I’m generally skeptical of some of these strange reports of odd phenomena but can’t really rule them out because now we can see how they could actually happen. Flowering time, inflorescence architecture, even flower petalage might be transmissible through the vascular systems, in some species under some conditions at some times. I have no clue about carrots but I’m not ready to bet one way or the other.

That’s what I get for washing my hogs at the Dog-a-Matic.

Here is a link to a paper describing graft transmissible flowering factor.

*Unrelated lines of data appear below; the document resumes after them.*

lemma sphere_gdist_ne:
  assumes "connected_graph V E" "x \<in> V" "y \<in> V" "x \<noteq> y"
  shows "sphere V E x (gdist V E x y) \<noteq> sphere V E y (gdist V E x y)"
proof -
  have "y \<in> sphere V E x (gdist V E x y)"
    using \<open>y \<in> V\<close> by simp
  moreover have "y \<notin> sphere V E y (gdist V E x y)"
    using gdist_pos[OF assms] gdist_self[of y V E] \<open>y \<in> V\<close> by simp
  ultimately show ?thesis
    by blast
qed

lemma distinct_strings_cong:
  assumes "\<And>v. v \<in> V \<Longrightarrow> f v = g v"
  shows "distinct_strings V E f \<longleftrightarrow> distinct_strings V E g"
proof -
  have "rank_string V E f = rank_string V E g"
    unfolding rank_string_def using assms by (intro ext sum.cong) auto
  then show ?thesis
    unfolding distinct_strings_def by simp
qed

lemma rank_string_affine:
  assumes "finite V" "1 \<le> i" "i \<le> diameter V E"
  shows "rank_string V E (\<lambda>w. k * f w + b) v i
           = k * rank_string V E f v i + b * card (sphere V E v i)"
  using assms unfolding rank_string_def by (simp add: sum.distrib sum_distrib_left)

lemma distinct_strings_affine:
  assumes "finite V"
    and spheres: "\<forall>v\<in>V. \<forall>i\<in>{1..diameter V E}. card (sphere V E v i) = n i"
    and "k \<noteq> 0" and "distinct_strings V E f"
  shows "distinct_strings V E (\<lambda>w. k * f w + b)"
  unfolding distinct_strings_def
proof (rule inj_onI)
  fix x y
  assume "x \<in> V" "y \<in> V"
    and eq: "rank_string V E (\<lambda>w. k * f w + b) x = rank_string V E (\<lambda>w. k * f w + b) y"
  have "rank_string V E f x i = rank_string V E f y i" for i
  proof (cases "1 \<le> i \<and> i \<le> diameter V E")
    case True
    then have "k * rank_string V E f x i + b * n i = k * rank_string V E f y i + b * n i"
      using fun_cong[OF eq, of i] rank_string_affine[OF \<open>finite V\<close>] spheres \<open>x \<in> V\<close> \<open>y \<in> V\<close>
      by simp
    with \<open>k \<noteq> 0\<close> show ?thesis
      by simp
  next
    case False
    then show ?thesis
      unfolding rank_string_def by (simp only: if_False)
  qed
  then show "x = y"
    using \<open>distinct_strings V E f\<close> \<open>x \<in> V\<close> \<open>y \<in> V\<close> unfolding distinct_strings_def inj_on_def
    by blast
qed
lemma integral_copy:
  fixes F :: "(nat \<Rightarrow> real) \<Rightarrow> real"
  assumes "n \<noteq> 0" and F: "F \<in> borel_measurable (PiM {1..n} (\<lambda>_. borel))"
  shows "(\<integral>\<omega>. F (\<lambda>i\<in>{1..n}. \<omega> (b, i)) \<partial>copies) = (\<integral>s. F (\<lambda>i\<in>{1..n}. Y i s) \<partial>M)"
proof -
  have sets_eq: "sets (PiM {1..n} law) = sets (PiM {1..n} (\<lambda>_. borel))"
    by (intro sets_PiM_cong) simp_all
  have F': "F \<in> borel_measurable (PiM {1..n} law)"
    using F by (simp only: measurable_cong_sets[OF sets_eq refl])
  have Y: "(\<lambda>s. \<lambda>i\<in>{1..n}. Y i s) \<in> measurable M (PiM {1..n} (\<lambda>_. borel))"
    using random_variable_Y by measurable
  have copy: "(\<lambda>\<omega>. \<lambda>i\<in>{1..n}. \<omega> (b, i)) \<in> measurable copies (PiM {1..n} law)"
    unfolding copies_def by (rule measurable_restrict) auto
  show ?thesis
    using integral_distr[OF copy F', unfolded distr_copy_eq_PiM_law]
      integral_distr[OF Y F, unfolded distr_Y_eq_PiM_law[OF \<open>n \<noteq> 0\<close>]]
    by simp
qed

Hey Don, since YOU caused it, what’s good for getting iced tea out of a computer keyboard? LOL!

LOL this thread is sci fi /sci fact / PLUS everything else in one !

Epigenetic transmission is a fact with many possible pathes.

Doing analysis, inclusion of viral DNA sequences is often found and knowing that viruses not so rarely borrow host DNA; everything is possible. Stinging insects helping.

A fact that is more obvious for non americans is that so many western US not sexually compatible conifers have a strong citrus scent.

Something not shared by these conifers sexually compatible closer relatives that are native to other parts of the world.

Are there retroviruses, riboviruses, or other RNA based viruses that infect roses that might be able to incorporate vascular RNA into L2 DNA?